■ **Your objective**: If a line below contains the string "given", copy it out.

Start of Block

(* There is an absolute constant $c>0$ such that the following holds. Let $N\ge1$, $M\ge4$ be integers, let $M'=2^n$ be the largest power of two with $M'(\log M'+2)\le M/2$ and assume $N\ge M'$. Let $b\le N$ be a positive integer multiple of $M'$ and let $k\in\mathbb N$. Then there is a 2D SLP $\mathcal G$ with at most $c\cdot(\log N+\log M+k)$ nonterminals such that for every $i\in[0..k]$, $\mathcal G$ contains a nonterminal $C_i$ with $\exp(C_i)=C_{N+i\cdot b,\,M}$.
   Context: Alphabet $\Sigma\supseteq\{0,1,\$\}$; logarithms are base 2. For $N=2^n$, $\mathsf{Bin}_N$ is the $N\times(n+2)$ array whose $i$-th row is $\$\,b_{i-1}\,\$$ with $b_{i-1}$ the $n$-bit binary representation of $i-1$; $\mathsf{ShiftBin}_N$ is the $2N\times N(n+2)$ array in which, for each $j\in[1..N]$, rows $j..j+N-1$ and columns $(j-1)(n+2)+1..j(n+2)$ form a copy of $\mathsf{Bin}_N$, all other entries being $0$. For integers $N\ge1$, $M\ge4$, let $M'=2^{n}$ be the largest power of two with $M'(\log M'+2)\le M/2$, assume $N\ge M'$, and let $B=\mathsf{ShiftBin}_{M'}$ (of size $2M'\times M'(\log M'+2)$). The 2D string $C_{N,M}$ of size $N\times M$ is the horizontal concatenation of three parts: (1) the left block, of width $M'(\log M'+2)$: $\lfloor N/(2M')\rfloor$ copies of $B$ stacked vertically, followed below by rows of $0$'s to reach height $N$; (2) the right block, of the same width: $M'$ rows of $0$'s, then $\lfloor (N-M')/(2M')\rfloor$ copies of $B$ stacked vertically, then rows of $0$'s to reach height $N$; (3) an all-$0$ block completing the width to $M$. A 2D SLP is a triple $(\mathcal V,\mathcal S,\rho)$ of nonterminals with dimensions, a start, and productions each being a character, a horizontal concatenation of two nonterminals of equal height, or a vertical concatenation of two nonterminals of equal width, with acyclic occurrence relation; $\exp(X)$ denotes the recursive expansion of $X$. *)

theory Defs
  imports Complex_Main
begin

datatype sym = S0 | S1 | SD

text \<open>A 2D string is represented as a list of rows (each row a list of symbols);
  all rows have equal length. Entries are 0-indexed.\<close>
type_synonym str2 = "sym list list"

definition mk2 :: "nat \<Rightarrow> nat \<Rightarrow> (nat \<Rightarrow> nat \<Rightarrow> sym) \<Rightarrow> str2" where
  "mk2 h w f = map (\<lambda>r. map (\<lambda>c. f r c) [0..<w]) [0..<h]"

definition width2 :: "str2 \<Rightarrow> nat" where
  "width2 s = length (hd s)"

definition rect2 :: "str2 \<Rightarrow> bool" where
  "rect2 s \<longleftrightarrow> s \<noteq> [] \<and> (\<forall>r\<in>set s. length r = width2 s)"

text \<open>Bin_N with N = 2^n: row r (0-indexed) is dollar, n-bit binary of r (MSB first), dollar.\<close>
definition bin_entry :: "nat \<Rightarrow> nat \<Rightarrow> nat \<Rightarrow> sym" where
  "bin_entry n r c = (if c = 0 \<or> c = n + 1 then SD
      else if (r div 2 ^ (n - c)) mod 2 = 1 then S1 else S0)"

text \<open>ShiftBin_N with N = 2^n: size 2N x N(n+2).\<close>
definition shiftbin_entry :: "nat \<Rightarrow> nat \<Rightarrow> nat \<Rightarrow> sym" where
  "shiftbin_entry n r c = (let j = c div (n + 2); c' = c mod (n + 2) in
      if j \<le> r \<and> r < j + 2 ^ n then bin_entry n (r - j) c' else S0)"

definition Mexp :: "nat \<Rightarrow> nat" where
  "Mexp M = (GREATEST n. real (2 ^ n * (n + 2)) \<le> real M / 2)"

definition Mprime :: "nat \<Rightarrow> nat" where
  "Mprime M = 2 ^ Mexp M"

definition C_entry :: "nat \<Rightarrow> nat \<Rightarrow> nat \<Rightarrow> nat \<Rightarrow> sym" where
  "C_entry N M r c = (let n = Mexp M; m = 2 ^ n; W = m * (n + 2) in
     if c < W then
       (if r div (2 * m) < N div (2 * m) then shiftbin_entry n (r mod (2 * m)) c else S0)
     else if c < 2 * W then
       (if r < m then S0
        else if (r - m) div (2 * m) < (N - m) div (2 * m)
             then shiftbin_entry n ((r - m) mod (2 * m)) (c - W) else S0)
     else S0)"

definition Cstr :: "nat \<Rightarrow> nat \<Rightarrow> str2" where
  "Cstr N M = mk2 N M (C_entry N M)"

datatype rhs = Chr sym | HCat nat nat | VCat nat nat

record slp2 =
  nts :: "nat set"
  start :: nat
  prod :: "nat \<Rightarrow> rhs"

fun children :: "rhs \<Rightarrow> nat set" where
  "children (Chr a) = {}"
| "children (HCat Y Z) = {Y, Z}"
| "children (VCat Y Z) = {Y, Z}"

text \<open>Expansion relation: derives G X s means exp(X) = s. Horizontal
  concatenation requires equal heights, vertical requires equal widths.\<close>
inductive derives :: "slp2 \<Rightarrow> nat \<Rightarrow> str2 \<Rightarrow> bool" for G where
  chr: "X \<in> nts G \<Longrightarrow> prod G X = Chr a \<Longrightarrow> derives G X [[a]]"
| hcat: "X \<in> nts G \<Longrightarrow> prod G X = HCat Y Z \<Longrightarrow> derives G Y s \<Longrightarrow> derives G Z t
         \<Longrightarrow> length s = length t \<Longrightarrow> derives G X (map2 (@) s t)"
| vcat: "X \<in> nts G \<Longrightarrow> prod G X = VCat Y Z \<Longrightarrow> derives G Y s \<Longrightarrow> derives G Z t
         \<Longrightarrow> width2 s = width2 t \<Longrightarrow> derives G X (s @ t)"

definition is_slp2 :: "slp2 \<Rightarrow> bool" where
  "is_slp2 G \<longleftrightarrow> finite (nts G) \<and> start G \<in> nts G
     \<and> (\<forall>X\<in>nts G. children (prod G X) \<subseteq> nts G)
     \<and> acyclic {(X, Y). X \<in> nts G \<and> Y \<in> children (prod G X)}
     \<and> (\<forall>X\<in>nts G. \<exists>s. derives G X s)"

end

theory Submission
  imports Defs "HOL-Library.Log_Nat"
begin

(* A finite set S of 2D strings in which every member is a single symbol or the horizontal or
   vertical concatenation of two nonempty members of S is, in effect, a 2D SLP with one nonterminal
   per member. It therefore suffices to find such a set of size O(log N + log M + k) containing the
   strings C_{N+ib,M} for i <= k.

   Let M' = 2^n and W = M'(n+2). The string C_{x,M} is the horizontal concatenation of a left block,
   a right block and a zero block of width M - 2W. The left block is floor(x/2M') stacked copies of
   ShiftBin_{M'} followed by (x mod 2M') zero rows; the right block is M' zero rows above the left
   block for x - M'. ShiftBin_{M'} and Bin_{M'} are obtained by doubling from O(n) strings. A stack
   of y copies splits into stacks of floor(y/2) and ceil(y/2) copies, and the numbers floor(y/2^j) and
   floor(y/2^j) + 1 are closed under this splitting, so O(log N) stacks suffice for one y; the same
   holds for zero blocks of a given width or height. Since M' divides b, the numbers of copies for
   consecutive heights x_i = N + ib differ by floor(t/2) or ceil(t/2), where t = b/M', so each further
   height costs O(1) strings; moreover the remainders x_i mod 2M' take only two values. *)

section \<open>Counting and division facts\<close>

lemma card_Un_le_add: "card A \<le> a \<Longrightarrow> card B \<le> b \<Longrightarrow> card (A \<union> B) \<le> a + b"
  using card_Un_le[of A B] by linarith

lemma card_three_le: "card {x, y, z} \<le> 3"
  by (simp add: card_insert_if)

lemma card_image_atMost_le: "card (f ` {..n}) \<le> n + 1"
  using card_image_le[of "{..n}" f] by simp

lemma card_UN_image_atMost_le:
  assumes "finite A"
  shows "card (\<Union>a\<in>A. f a ` {..n}) \<le> card A * (n + 1)"
proof -
  have "card (\<Union>a\<in>A. f a ` {..n}) \<le> (\<Sum>a\<in>A. card (f a ` {..n}))"
    using assms by (rule card_UN_le)
  also have "\<dots> \<le> (\<Sum>a\<in>A. n + 1)"
    by (intro sum_mono card_image_atMost_le)
  finally show ?thesis
    by simp
qed

lemma card_image_Collect_atMost_le: "card (F ` {f i |i. i \<le> k \<and> P i}) \<le> k + 1"
proof -
  have "F ` {f i |i. i \<le> k \<and> P i} = (F \<circ> f) ` {i. i \<le> k \<and> P i}"
    by auto
  then have "card (F ` {f i |i. i \<le> k \<and> P i}) \<le> card {i. i \<le> k \<and> P i}"
    by (simp add: card_image_le)
  also have "\<dots> \<le> card {..k}"
    by (rule card_mono) auto
  finally show ?thesis
    by simp
qed

lemma mod_double_add_mult:
  "((a::nat) + j * m) mod (2 * m) \<in> {a mod (2 * m), (a + m) mod (2 * m)}"
proof (cases "even j")
  case True
  then obtain q where "j = 2 * q"
    by blast
  then have "a + j * m = a + q * (2 * m)"
    by simp
  then show ?thesis
    by (metis insertI1 mod_mult_self1)
next
  case False
  then obtain q where "j = 2 * q + 1"
    by (blast elim: oddE)
  then have "a + j * m = (a + m) + q * (2 * m)"
    by (simp add: algebra_simps)
  then show ?thesis
    by (metis insertI1 insertI2 mod_mult_self1)
qed

lemma div_double_add_mult:
  assumes "0 < (m::nat)"
  shows "(a + t * m) div (2 * m) \<in> {a div (2 * m) + t div 2, a div (2 * m) + (t - t div 2)}"
proof -
  define u e where "u = t div 2" and "e = t mod 2"
  then have t: "t = 2 * u + e" "e = 0 \<or> e = 1"
    by auto
  then have "(a + t * m) div (2 * m) = ((a + e * m) + u * (2 * m)) div (2 * m)"
    by (simp add: algebra_simps)
  then have split: "(a + t * m) div (2 * m) = (a + e * m) div (2 * m) + u"
    using assms by simp
  show ?thesis
  proof (cases "e = 0")
    case True
    then show ?thesis
      using split u_def by simp
  next
    case False
    have "a div (2 * m) \<le> (a + m) div (2 * m)" "(a + m) div (2 * m) \<le> (a + 1 * (2 * m)) div (2 * m)"
      by (simp_all add: div_le_mono)
    then have "(a + m) div (2 * m) \<in> {a div (2 * m), a div (2 * m) + 1}"
      using assms by auto
    moreover have "e = 1" "t - t div 2 = u + 1"
      using t False u_def by auto
    ultimately show ?thesis
      using split u_def by auto
  qed
qed

section \<open>Two-dimensional strings given by entry functions\<close>

definition hcat_fun :: "(nat \<Rightarrow> nat \<Rightarrow> sym) \<Rightarrow> (nat \<Rightarrow> nat \<Rightarrow> sym) \<Rightarrow> nat \<Rightarrow> nat \<Rightarrow> nat \<Rightarrow> sym" where
  "hcat_fun f g w = (\<lambda>r c. if c < w then f r c else g r (c - w))"

definition vcat_fun :: "(nat \<Rightarrow> nat \<Rightarrow> sym) \<Rightarrow> (nat \<Rightarrow> nat \<Rightarrow> sym) \<Rightarrow> nat \<Rightarrow> nat \<Rightarrow> nat \<Rightarrow> sym" where
  "vcat_fun f g h = (\<lambda>r c. if r < h then f r c else g (r - h) c)"

lemma length_mk2 [simp]: "length (mk2 h w f) = h"
  by (simp add: mk2_def)

lemma nth_mk2 [simp]: "r < h \<Longrightarrow> mk2 h w f ! r = map (f r) [0..<w]"
  by (simp add: mk2_def)

lemma width2_mk2 [simp]: "0 < h \<Longrightarrow> width2 (mk2 h w f) = w"
  by (simp add: mk2_def width2_def hd_map upt_conv_Cons)

lemma length_concat_mk2 [simp]: "length (concat (mk2 h w f)) = h * w"
  by (simp add: mk2_def length_concat comp_def sum_list_triv)

lemma concat_mk2_eq_Nil_iff: "concat (mk2 h w f) = [] \<longleftrightarrow> h = 0 \<or> w = 0"
  by (metis length_concat_mk2 length_0_conv mult_is_0)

End of Block

■ **Finished exercise**:
   holds for zero blocks of a given width or height. Since M' divides b, the numbers of copies for
section \<open>Two-dimensional strings given by entry functions\<close>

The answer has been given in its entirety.